Pros: customizable screens, pool length, drill mode (can be used to correct missing distance), get heart rate from your wrist on the 945 or from a strap if you can wear one.
Cons: wish I could turn down or off the shrill chirping anytime I hit the lap button, often the watch will miscount the distance when going really fast (like sub 1:00/100y pace, a fast flip turn is too fast for it to register), wish I could get some more detailed metrics from it like distance off the wall, actual stroke length for every stroke, auto-split every 100 without actually creating a new interval, etc.
In general though, since Garmin/Training Peaks/Strava/etc tries to apply the same pace-focused metrics to calculate fatigue from swim sessions, you just have to trust that it all evens out when drills, kicking, pulling, and cords don’t match up with a critical swim speed-effort approach.
Started swimming again in 2016 (stopped in 1974) with a Garmin 920xt. It worked fine until the buttons started sticking. I got a Garmin 945 2 years ago and liked it even more. Once they got the heart rate working without using the chest strap it’s been great! Like others have said, easy to download to training peaks & Garmin. I hope Garmin enhances some of the programming around using workouts. They seem to have it an ok level for running like even suggesting what type of workout you should be doing that day. Tempo/anaerobic/distance… They have a few personal coaches you can select from to guide the training to hit a race goal and training plan. I used it for both a 10k and 1/2 marathon and it worked pretty well. Something like that for swimming would be awesome!
Thank you for your continued support and expertise.
Garmin, because the company’s background in running and multisport means I’ve been using Garmin products reliably for longer than Apple has had it watch out. The range of prices of Garmin products is far wider than Apple, and there’s an entire universe of apps and widgets that play well with Garmin, and Garmin Connect. So I can do a rowing workout and it shows up on Training Peaks. Do a lap swim and it goes to Garmin Connect and Training Peaks. I’ve lost nothing sidestepping the Apple Watch world, and the Garmin products work fine with my iPhone.
thanks, Sharon!
Thanks for your great feedback. I am working on it!!

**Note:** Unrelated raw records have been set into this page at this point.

(* Let $\mathcal W$ be countable, $\ell:\mathcal W\times\mathsf Z\to\mathbb R$ a loss, $Q$ a probability distribution on $\mathcal W$ and $\gamma>0$. Let $\mu$ be a distribution on $\mathsf Z$ such that $\ell(w,Z)$, $Z\sim\mu$, is $\sigma^2$-subgaussian for every $w\in\mathcal W$, and let $\widehat w(\mu)\in\mathcal W$ achieve the minimum of $L_\mu$ over $\mathcal W$. Then $$\mathrm{risk}(\mu,P^{\gamma,Q}_{W|S})\le\inf_{w\in\mathcal W}L_\mu(w)+\frac1\gamma D(\delta_{\widehat w(\mu)}\|Q)+\frac{\gamma\sigma^2}{2n}.$$
   Context: $S=(Z_1,\dots,Z_n)$ i.i.d. from $\mu$; $L_\mu(w)=\mathbb E_{Z\sim\mu}\ell(w,Z)$, $L_s(w)=\frac1n\sum_i\ell(w,z_i)$ for $s=(z_1,\dots,z_n)$. The Gibbs posterior is $P^{\gamma,Q}_{W|S=s}(\mathrm dw)=e^{-\gamma L_s(w)}Q(\mathrm dw)/\mathbb E[e^{-\gamma L_s(\widetilde W)}]$, $\widetilde W\sim Q$. $\mathrm{risk}(\mu,P_{W|S})=\mathbb E[L_\mu(W)]$ under $\mu^{\otimes n}P_{W|S}$. A real random variable $X$ is $\sigma^2$-subgaussian if $\mathbb E[e^{\lambda(X-\mathbb EX)}]\le e^{\lambda^2\sigma^2/2}$ for all $\lambda\in\mathbb R$. $\delta_w$ is the Dirac measure at $w$ and $D$ is relative entropy, so $D(\delta_{\widehat w}\|Q)=\log(1/Q(\widehat w))$. *)

theory Defs
  imports "HOL-Probability.Probability"
begin

text \<open>Integrability of the exponential moments is required, so that the Bochner
  integral really is the moment generating function.\<close>
definition subgaussian :: "'a measure \<Rightarrow> ('a \<Rightarrow> real) \<Rightarrow> real \<Rightarrow> bool" where
  "subgaussian M X \<sigma>sq \<longleftrightarrow>
     X \<in> borel_measurable M \<and> integrable M X \<and>
     (\<forall>t::real. integrable M (\<lambda>z. exp (t * (X z - (\<integral>x. X x \<partial>M)))) \<and>
        (\<integral>z. exp (t * (X z - (\<integral>x. X x \<partial>M))) \<partial>M) \<le> exp (t^2 * \<sigma>sq / 2))"

definition pop_loss :: "'z measure \<Rightarrow> ('w \<Rightarrow> 'z \<Rightarrow> real) \<Rightarrow> 'w \<Rightarrow> real" where
  "pop_loss \<mu> loss w = (\<integral>z. loss w z \<partial>\<mu>)"

definition emp_loss :: "nat \<Rightarrow> ('w \<Rightarrow> 'z \<Rightarrow> real) \<Rightarrow> (nat \<Rightarrow> 'z) \<Rightarrow> 'w \<Rightarrow> real" where
  "emp_loss n loss s w = (\<Sum>i<n. loss w (s i)) / real n"

definition gibbs_posterior :: "real \<Rightarrow> 'w pmf \<Rightarrow> ('w \<Rightarrow> real) \<Rightarrow> 'w measure" where
  "gibbs_posterior \<gamma> Q Ls =
     density (measure_pmf Q)
       (\<lambda>w. ennreal (exp (- \<gamma> * Ls w) / (\<integral>w'. exp (- \<gamma> * Ls w') \<partial>measure_pmf Q)))"

definition gibbs_risk :: "nat \<Rightarrow> 'z measure \<Rightarrow> ('w \<Rightarrow> 'z \<Rightarrow> real) \<Rightarrow> real \<Rightarrow> 'w pmf \<Rightarrow> real" where
  "gibbs_risk n \<mu> loss \<gamma> Q =
     (\<integral>s. (\<integral>w. pop_loss \<mu> loss w \<partial>gibbs_posterior \<gamma> Q (emp_loss n loss s))
        \<partial>PiM {..<n} (\<lambda>_. \<mu>))"

text \<open>D(delta_w || Q) = log(1/Q(w)), which is +infinity when Q(w) = 0.\<close>
definition KL_dirac :: "'w pmf \<Rightarrow> 'w \<Rightarrow> ereal" where
  "KL_dirac Q w = (if pmf Q w = 0 then \<infinity> else ereal (ln (1 / pmf Q w)))"

end

theory Submission
  imports Defs
begin

(* For a fixed sample s, Jensen's inequality under the Gibbs posterior P_s gives
   exp (gamma E_{P_s} L_mu) <= E_{P_s} exp (gamma L_mu) = N_s / E_Q exp (-gamma L_s)
   with N_s = E_Q exp (gamma (L_mu - L_s)), and the normalising constant is at least
   Q(w_hat) exp (-gamma L_s(w_hat)).  Instead of Jensen for the logarithm, log N_s is bounded by
   its tangent N_s exp (-K) + K - 1 at exp K, which needs no integrability of log N_s.  Averaging
   over the sample, E L_S(w_hat) = L_mu(w_hat), and by Tonelli and independence the subgaussian
   bound gives E_S N_S <= exp K with K = gamma^2 sigma^2 / (2 n). *)

lemma measurable_case_prod_measure_pmf:
  fixes h :: "'a \<Rightarrow> 'w::countable \<Rightarrow> 'b"
  assumes "\<And>w. (\<lambda>x. h x w) \<in> M \<rightarrow>\<^sub>M N"
  shows "case_prod h \<in> M \<Otimes>\<^sub>M measure_pmf Q \<rightarrow>\<^sub>M N"
proof -
  have "snd \<in> M \<Otimes>\<^sub>M measure_pmf Q \<rightarrow>\<^sub>M count_space UNIV"
    using measurable_snd[of M "measure_pmf Q"] by (simp add: measurable_cong_sets)
  from measurable_compose_countable[where f="\<lambda>w p. h (fst p) w", OF _ this] assms
  show ?thesis by (simp add: case_prod_beta')
qed

lemma borel_measurable_integral_measure_pmf:
  fixes h :: "'a \<Rightarrow> 'w::countable \<Rightarrow> real" and Q :: "'w pmf"
  assumes "\<And>w. (\<lambda>x. h x w) \<in> borel_measurable M"
  shows "(\<lambda>x. \<integral>w. h x w \<partial>Q) \<in> borel_measurable M"
  using sigma_finite_measure.borel_measurable_lebesgue_integral[where f=h,
      OF _ measurable_case_prod_measure_pmf[of h, OF assms]]
  by (simp add: prob_space_imp_sigma_finite prob_space_measure_pmf)

lemma pmf_mult_le_integral:
  assumes "integrable (measure_pmf Q) f" "\<And>x. 0 \<le> f x"
  shows "pmf Q w * f w \<le> (\<integral>x. f x \<partial>Q)"
proof -
  have "integrable Q (\<lambda>x. f w * indicator {w} x)"
    by (intro integrable_mult_right measure_pmf.integrable_const_bound[where B=1]) auto
  then have "(\<integral>x. f w * indicator {w} x \<partial>Q) \<le> (\<integral>x. f x \<partial>Q)"
    by (rule integral_mono[OF _ assms(1)]) (auto simp: indicator_def assms(2))
  then show ?thesis by (simp add: measure_pmf_single mult.commute)
qed

lemma integral_exp_measure_pmf_pos:
  fixes f :: "'a \<Rightarrow> real"
  assumes "integrable (measure_pmf Q) (\<lambda>x. exp (f x))"
  shows "0 < (\<integral>x. exp (f x) \<partial>Q)"
proof -
  obtain w where "w \<in> set_pmf Q" using set_pmf_not_empty[of Q] by blast
  then have "0 < pmf Q w * exp (f w)" by (simp add: pmf_positive)
  also have "\<dots> \<le> (\<integral>x. exp (f x) \<partial>Q)" by (rule pmf_mult_le_integral[OF assms]) simp
  finally show ?thesis .
qed

lemma integrable_of_integrable_exp_bounded_below:
  fixes f :: "'a \<Rightarrow> real"
  assumes "finite_measure M" "0 < \<gamma>" "f \<in> borel_measurable M" "\<And>x. c \<le> f x"
    and "integrable M (\<lambda>x. exp (\<gamma> * f x))"
  shows "integrable M f"
proof (rule Bochner_Integration.integrable_bound)
  show "integrable M (\<lambda>x. \<bar>c\<bar> + exp (- \<gamma> * c) / \<gamma> * exp (\<gamma> * f x))"
    using assms by (simp add: finite_measure.integrable_const)
  have "norm (f x) \<le> norm (\<bar>c\<bar> + exp (- \<gamma> * c) / \<gamma> * exp (\<gamma> * f x))" for x
  proof -
    have "\<gamma> * (f x - c) \<le> exp (\<gamma> * (f x - c))" by (smt (verit) exp_ge_add_one_self)
    also have "\<dots> = exp (- \<gamma> * c) * exp (\<gamma> * f x)" by (simp add: mult_exp_exp algebra_simps)
    finally have "f x - c \<le> exp (- \<gamma> * c) / \<gamma> * exp (\<gamma> * f x)"
      using assms(2) by (simp add: field_simps)
    moreover have "0 \<le> exp (- \<gamma> * c) / \<gamma> * exp (\<gamma> * f x)" using assms(2) by simp
    ultimately show ?thesis using assms(4)[of x] by simp
  qed
  then show "AE x in M. norm (f x) \<le> norm (\<bar>c\<bar> + exp (- \<gamma> * c) / \<gamma> * exp (\<gamma> * f x))"
    by simp
qed (use assms in simp)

Yeah, same here - I’m hoping that is coming in the next few years.
Their customer support has been awesome too.
Vivoactive HR → Vivoactive 3 → Vivoactive 4
always within 25 yards on pool swims – you didn’t specify pool or open water.
Inexpensive as you can get a refurbished 3 for less than $100. My used 4 was under $200.
It works the batter life is great.
Form Goggles - no button pushing except at start/finis of the workout and I can see my pace during the swim without looking at my wrist as well as customize what metrics I want to see.
I have always swam with garmin watches for tracking everything, but recently grabbed a pair of the Form goggles, and they’re great. They pick-up stuff where Garmin sometimes misses, and because there’s minimum button pushing, you’re less likely to double tap, or to miss starting an interval to collect the info, it just detects the motion and goes (especially helpful for drill sets, Garmin has drill mode, but it’s manual entry and a pain to scroll to). While the subscription price for the in goggle workouts is a bit obscene, I’m really enjoying the free trial right now, since I do swim solo mostly, so it’s nice to be able to load the workouts and go, and I get way more variety than I would programming my workouts myself, and having to remember or struggle to read a board with fogged goggles… I haven’t tried them for OWS yet, since the water is getting cooler here, and I haven’t upgraded to a supported Garmin model for pairing (still have a 935, which won’t pair with the goggles, since it’s only ANT+ for pairing, it can pair with a phone by bluetooth, but not bluetooth smart which is needed for pairing with the goggles), but I am upgrading soon, and will try them in open water next spring.